> _Problem requirements_
Word for word, set down the entries that follow.

Stored data entries:
*** Block opens ***
lemma nwc_join_margins:
  assumes P: "positive_monoid TYPE('k::comm_monoid_add)" and WC: "weakly_cancellative TYPE('k)"
    and R: "is_krel D X R" and S: "is_krel D Y (S :: _ \<Rightarrow> 'k)"
    and consistent: "marg R (X \<inter> Y) = marg S (X \<inter> Y)"
    and "nwc_join X Y R S W"
  shows "marg W X = R \<and> marg W Y = S"
proof -
  let ?Ws = "supp (marg R (X \<inter> Y))"
  obtain ul vl xs where fibres: "\<forall>w\<in>?Ws.
      enumerates R (X \<inter> Y) w (ul w) \<and> enumerates S (X \<inter> Y) w (vl w) \<and>
      nwc (map (\<lambda>u. (u, R u)) (ul w)) (map (\<lambda>v. (v, S v)) (vl w)) (xs w)"
    and W: "W = fibrewise_join X Y ?Ws ul vl xs"
    using \<open>nwc_join X Y R S W\<close> unfolding nwc_join_iff_fibrewise_join by blast
  have margins: "\<forall>w\<in>?Ws. enumerates R (X \<inter> Y) w (ul w) \<and> enumerates S (X \<inter> Y) w (vl w) \<and>
      (\<forall>u\<in>set (ul w). (\<Sum>v\<leftarrow>vl w. xs w u v) = R u) \<and> (\<forall>v\<in>set (vl w). (\<Sum>u\<leftarrow>ul w. xs w u v) = S v)"
    using fibres fibre_nwc_has_margins[OF P WC consistent] by blast
  have covers: "r |` (X \<inter> Y) \<in> ?Ws" if "R r \<noteq> 0 \<or> S r \<noteq> 0" for r
  proof -
    have "finite (supp R)" and "finite (supp S)" using R S unfolding is_krel_def by auto
    then have "marg R (X \<inter> Y) (r |` (X \<inter> Y)) \<noteq> 0 \<or> marg S (X \<inter> Y) (r |` (X \<inter> Y)) \<noteq> 0"
      using that marg_restrict_neq_0[OF P] by blast
    then show ?thesis using consistent unfolding supp_def by auto
  qed
  have left: "marg W X = R"
    unfolding W by (rule marg_fibrewise_join[OF R S]) (use margins covers in auto)
  have "marg (fibrewise_join Y X ?Ws vl ul (\<lambda>w v u. xs w u v)) Y = S"
    by (rule marg_fibrewise_join[OF S R]) (use margins covers in \<open>auto simp: Int_commute\<close>)
  then have right: "marg W Y = S"
    unfolding W fibrewise_join_swap[of X Y] .
  from left right show ?thesis ..
qed

theorem proposition24:
  fixes D :: "'a \<Rightarrow> 'v set" and X Y :: "'a set"
    and R S :: "('a \<rightharpoonup> 'v) \<Rightarrow> 'k::comm_monoid_add"
  assumes "positive_monoid TYPE('k)"
    and "weakly_cancellative TYPE('k)"
    and "totally_canon_preordered TYPE('k)"
    and "finite X" and "finite Y"
    and "is_krel D X R" and "is_krel D Y S"
    and "marg R (X \<inter> Y) = marg S (X \<inter> Y)"
  shows "(\<forall>w\<in>supp (marg R (X \<inter> Y)). \<forall>us vs.
            enumerates R (X \<inter> Y) w us \<longrightarrow> enumerates S (X \<inter> Y) w vs \<longrightarrow>
            (\<exists>x. nwc (map (\<lambda>u. (u, R u)) us) (map (\<lambda>v. (v, S v)) vs) x))
       \<and> (\<forall>W. nwc_join X Y R S W \<longrightarrow> marg W X = R \<and> marg W Y = S)"
  using fibre_nwc_exists[OF assms(1-3,8)] nwc_join_margins[OF assms(1,2,6-8)] by blast

end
*** Block closes ***
> _Exercise response_
lemma nwc_join_margins:
  assumes P: "positive_monoid TYPE('k::comm_monoid_add)" and WC: "weakly_cancellative TYPE('k)"
    and R: "is_krel D X R" and S: "is_krel D Y (S :: _ \<Rightarrow> 'k)"
    and consistent: "marg R (X \<inter> Y) = marg S (X \<inter> Y)"
    and "nwc_join X Y R S W"
  shows "marg W X = R \<and> marg W Y = S"
proof -
  let ?Ws = "supp (marg R (X \<inter> Y))"
  obtain ul vl xs where fibres: "\<forall>w\<in>?Ws.
      enumerates R (X \<inter> Y) w (ul w) \<and> enumerates S (X \<inter> Y) w (vl w) \<and>
      nwc (map (\<lambda>u. (u, R u)) (ul w)) (map (\<lambda>v. (v, S v)) (vl w)) (xs w)"
    and W: "W = fibrewise_join X Y ?Ws ul vl xs"
    using \<open>nwc_join X Y R S W\<close> unfolding nwc_join_iff_fibrewise_join by blast
  have margins: "\<forall>w\<in>?Ws. enumerates R (X \<inter> Y) w (ul w) \<and> enumerates S (X \<inter> Y) w (vl w) \<and>
      (\<forall>u\<in>set (ul w). (\<Sum>v\<leftarrow>vl w. xs w u v) = R u) \<and> (\<forall>v\<in>set (vl w). (\<Sum>u\<leftarrow>ul w. xs w u v) = S v)"
    using fibres fibre_nwc_has_margins[OF P WC consistent] by blast
  have covers: "r |` (X \<inter> Y) \<in> ?Ws" if "R r \<noteq> 0 \<or> S r \<noteq> 0" for r
  proof -
    have "finite (supp R)" and "finite (supp S)" using R S unfolding is_krel_def by auto
    then have "marg R (X \<inter> Y) (r |` (X \<inter> Y)) \<noteq> 0 \<or> marg S (X \<inter> Y) (r |` (X \<inter> Y)) \<noteq> 0"
      using that marg_restrict_neq_0[OF P] by blast
    then show ?thesis using consistent unfolding supp_def by auto
  qed
  have left: "marg W X = R"
    unfolding W by (rule marg_fibrewise_join[OF R S]) (use margins covers in auto)
  have "marg (fibrewise_join Y X ?Ws vl ul (\<lambda>w v u. xs w u v)) Y = S"
    by (rule marg_fibrewise_join[OF S R]) (use margins covers in \<open>auto simp: Int_commute\<close>)
  then have right: "marg W Y = S"
    unfolding W fibrewise_join_swap[of X Y] .
  from left right show ?thesis ..
qed

theorem proposition24:
  fixes D :: "'a \<Rightarrow> 'v set" and X Y :: "'a set"
    and R S :: "('a \<rightharpoonup> 'v) \<Rightarrow> 'k::comm_monoid_add"
  assumes "positive_monoid TYPE('k)"
    and "weakly_cancellative TYPE('k)"
    and "totally_canon_preordered TYPE('k)"
    and "finite X" and "finite Y"
    and "is_krel D X R" and "is_krel D Y S"
    and "marg R (X \<inter> Y) = marg S (X \<inter> Y)"
  shows "(\<forall>w\<in>supp (marg R (X \<inter> Y)). \<forall>us vs.
            enumerates R (X \<inter> Y) w us \<longrightarrow> enumerates S (X \<inter> Y) w vs \<longrightarrow>
            (\<exists>x. nwc (map (\<lambda>u. (u, R u)) us) (map (\<lambda>v. (v, S v)) vs) x))
       \<and> (\<forall>W. nwc_join X Y R S W \<longrightarrow> marg W X = R \<and> marg W Y = S)"
  using fibre_nwc_exists[OF assms(1-3,8)] nwc_join_margins[OF assms(1,2,6-8)] by blast

end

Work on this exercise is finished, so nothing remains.